Finding the arrangement of each the cases and multiplying the equation (1) by ${}^4{C_2}$, (2) by ${}^4{C_2}$and (3) by $4!$, we get

$$\Rightarrow 3 \times \dfrac{{4!}}{{2!\left( {4 - 2} \right)!}} + 63 \times \dfrac{{4!}}{{2!}} + 140 \times 4! \\\ \Rightarrow 3 \times \dfrac{{4!}}{{2!2!}} + 63 \times 12 + 140 \times 24 \\\ \Rightarrow 3 \times 6 + 756 + 1680 \\\ \Rightarrow 18 + 756 + 1680 \\\ \Rightarrow 2454{\text{ ways}} \\\$$

Thus, option D is correct.

Note: In solving these types of questions, generally students get confused between combination and permutation.
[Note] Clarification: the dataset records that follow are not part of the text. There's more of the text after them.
lemma fo2_game_quantifier_step:
  assumes IH: "\<And>v v'. \<forall>z. fo2_game m w (v z) w' (v' z) \<Longrightarrow>
      \<forall>z z'. same_order (v z) (v z') (v' z) (v' z') \<Longrightarrow> sat w v f = sat w' v' f"
    and game: "\<forall>z. fo2_game (Suc m) w (v z) w' (v' z)"
    and order: "\<forall>z z'. same_order (v z) (v z') (v' z) (v' z')"
  shows "sat w v (Exists u f) = sat w' v' (Exists u f)"
    and "sat w v (Forall u f) = sat w' v' (Forall u f)"
proof -
  define R where "R p p' \<longleftrightarrow> same_order (v (other u)) p (v' (other u)) p' \<and> fo2_game m w p w' p'"
    for p p'
  have game_other: "fo2_game (Suc m) w (v (other u)) w' (v' (other u))"
    using game by blast
  have forward: "\<forall>p\<in>{1..length w}. \<exists>p'\<in>{1..length w'}. R p p'"
    and backward: "\<forall>p'\<in>{1..length w'}. \<exists>p\<in>{1..length w}. R p p'"
    using game_other unfolding R_def fo2_game.simps(2) by blast+
  have matching: "sat w (v(u := p)) f = sat w' (v'(u := p')) f" if "R p p'" for p p'
  proof (rule IH)
    show "\<forall>z. fo2_game m w ((v(u := p)) z) w' ((v'(u := p')) z)"
      using that game fo2_game_SucD var_cases_other unfolding R_def by fastforce
    show "\<forall>z z'. same_order ((v(u := p)) z) ((v(u := p)) z') ((v'(u := p')) z) ((v'(u := p')) z')"
    proof (intro allI)
      fix z z'
      show "same_order ((v(u := p)) z) ((v(u := p)) z') ((v'(u := p')) z) ((v'(u := p')) z')"
        using var_cases_other[of z u] var_cases_other[of z' u] that order
        unfolding R_def by (auto intro: same_order_commute)
    qed
  qed
  show "sat w v (Exists u f) = sat w' v' (Exists u f)"
    using forward backward matching by (rule sat_quantifier_eq)
  show "sat w v (Forall u f) = sat w' v' (Forall u f)"
    using forward backward matching by (rule sat_quantifier_eq)
qed

lemma fo2_game_sat_eq:
  assumes "qdepth f \<le> m"
    and "\<forall>z. fo2_game m w (v z) w' (v' z)"
    and "\<forall>z z'. same_order (v z) (v z') (v' z) (v' z')"
  shows "sat w v f = sat w' v' f"
  using assms
proof (induction f arbitrary: m v v')
  case (Less u u')
  then show ?case by (simp add: same_order_def)
next
  case (Equal u u')
  then show ?case by (simp add: same_order_def)
next
  case (Letter a u)
  then show ?case using fo2_game_0D[of m w "v u" w' "v' u"] by simp
next
  case (Neg f)
  then show ?case by simp
next
  case (Conj f g)
  then show ?case using Conj.IH[of m v v'] by simp
next
  case (Disj f g)
  then show ?case using Disj.IH[of m v v'] by simp
next
  case (Exists u f)
  then obtain m0 where m: "m = Suc m0" and "qdepth f \<le> m0" by (cases m) simp_all
  from Exists.prems(2,3) show ?case
    unfolding m by (rule fo2_game_quantifier_step(1)[rotated]) (fact Exists.IH[OF \<open>qdepth f \<le> m0\<close>])
next
  case (Forall u f)
  then obtain m0 where m: "m = Suc m0" and "qdepth f \<le> m0" by (cases m) simp_all
  from Forall.prems(2,3) show ?case
    unfolding m by (rule fo2_game_quantifier_step(2)[rotated]) (fact Forall.IH[OF \<open>qdepth f \<le> m0\<close>])
qed simp

lemma fo2_game_satx_eq: "fo2_game m w i w' i' \<Longrightarrow> qdepth f \<le> m \<Longrightarrow> satx w i f = satx w' i' f"
  unfolding satx_def by (rule fo2_game_sat_eq) simp_all

lemma opt_min_Some_iff: "finite S \<Longrightarrow> opt_min S = Some t \<longleftrightarrow> t \<in> S \<and> (\<forall>s\<in>S. t \<le> s)"
  unfolding opt_min_def by (auto intro: Min_eqI Min_in)

lemma opt_max_Some_iff: "finite S \<Longrightarrow> opt_max S = Some t \<longleftrightarrow> t \<in> S \<and> (\<forall>s\<in>S. s \<le> t)"
  unfolding opt_max_def by (auto intro: Max_eqI Max_in)

lemma opt_min_Some_eq_iff: "finite S \<Longrightarrow> opt_min S = Some x \<longleftrightarrow> x \<in> S \<and> \<not> (\<exists>p\<in>S. p < x)"
  by (auto simp: opt_min_Some_iff not_less)

lemma opt_max_Some_eq_iff: "finite S \<Longrightarrow> opt_max S = Some x \<longleftrightarrow> x \<in> S \<and> \<not> (\<exists>p\<in>S. x < p)"
  by (auto simp: opt_max_Some_iff not_less)

lemma opt_min_Some_less_iff: "finite S \<Longrightarrow> (\<exists>t. opt_min S = Some t \<and> t < x) \<longleftrightarrow> (\<exists>p\<in>S. p < x)"
  by (auto simp: opt_min_def Min_less_iff)

lemma opt_min_Some_greater_iff:
  "finite S \<Longrightarrow> (\<exists>t. opt_min S = Some t \<and> x < t) \<longleftrightarrow> (\<exists>p\<in>S. x < p) \<and> \<not> (\<exists>p\<in>S. p < x \<or> p = x)"
  by (auto simp: opt_min_def)

lemma opt_max_Some_greater_iff: "finite S \<Longrightarrow> (\<exists>t. opt_max S = Some t \<and> x < t) \<longleftrightarrow> (\<exists>p\<in>S. x < p)"
  by (auto simp: opt_max_def Max_gr_iff)

lemma opt_max_Some_less_iff:
  "finite S \<Longrightarrow> (\<exists>t. opt_max S = Some t \<and> t < x) \<longleftrightarrow> (\<exists>p\<in>S. p < x) \<and> \<not> (\<exists>p\<in>S. x < p \<or> x = p)"
  by (auto simp: opt_max_def)

lemma opt_min_transfer:
  assumes "finite S" and "finite S'" and "e ` S \<subseteq> S'" and "h ` S' \<subseteq> S"
    and "\<And>t i. opt_min S = Some t \<Longrightarrow> i \<in> S' \<Longrightarrow> t \<le> h i \<Longrightarrow> e t \<le> i"
  shows "opt_min S' = map_option e (opt_min S)"
proof (cases "S = {}")
  case False
  then have "opt_min S = Some (Min S)" by (simp add: opt_min_def)
  moreover have "opt_min S' = Some (e (Min S))"
    using assms calculation by (auto simp: opt_min_Some_iff intro: Min_in)
  ultimately show ?thesis by simp
qed (use assms in \<open>auto simp: opt_min_def\<close>)

lemma opt_max_transfer:
  assumes "finite S" and "finite S'" and "e ` S \<subseteq> S'" and "h ` S' \<subseteq> S"
    and "\<And>t i. opt_max S = Some t \<Longrightarrow> i \<in> S' \<Longrightarrow> h i \<le> t \<Longrightarrow> i \<le> e t"
  shows "opt_max S' = map_option e (opt_max S)"
proof (cases "S = {}")
  case False
  then have "opt_max S = Some (Max S)" by (simp add: opt_max_def)
  moreover have "opt_max S' = Some (e (Max S))"
    using assms calculation by (auto simp: opt_max_Some_iff intro: Max_in)
  ultimately show ?thesis by simp
qed (use assms in \<open>auto simp: opt_max_def\<close>)

fun letter_of :: "'a bpos \<Rightarrow> 'a" where
  "letter_of (First a) = a"
| "letter_of (Last a) = a"

lemma bpos_step_in_range:
  assumes "q \<le> Suc (length w)" and "bpos_step w b q = Some t"
  shows "t \<in> {1..length w} \<and> w ! (t - 1) = letter_of b"
proof (cases b)
  case (First a)
  with assms(2) have "t \<in> {i\<in>{q+1..length w}. w ! (i - 1) = a}"
    by (simp add: opt_min_Some_iff)
  with First show ?thesis by auto
next
  case (Last a)
  with assms(2) have "t \<in> {i\<in>{1..q-1}. w ! (i - 1) = a}"
    by (simp add: opt_max_Some_iff)
  with Last assms(1) show ?thesis by auto
qed

lemma ranker_from_in_range:
  "q \<le> Suc (length w) \<Longrightarrow> ranker_from w q rs = Some t \<Longrightarrow> rs \<noteq> [] \<Longrightarrow>
   t \<in> {1..length w} \<and> w ! (t - 1) = letter_of (last rs)"
proof (induction rs arbitrary: q)
  case (Cons b rs)
  then obtain q1 where q1: "bpos_step w b q = Some q1" "ranker_from w q1 rs = Some t"
    by (auto split: Option.bind_splits)
  have "q1 \<in> {1..length w} \<and> w ! (q1 - 1) = letter_of b"
    using bpos_step_in_range[OF Cons.prems(1) q1(1)] .
  with q1 Cons.IH[of q1] show ?case by (cases rs) auto
qed simp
If you have to use combination ${}^n{C_r}$ and when you have to arrange use the formula of permutation ${}^n{P_r} = \dfrac{{n!}}{{\left( {n - r} \right)!}}$, it is very tricky to use. Some students forget to consider all possibilities or else might get the wrong answer, because if some case is missed then it will result in the wrong answer.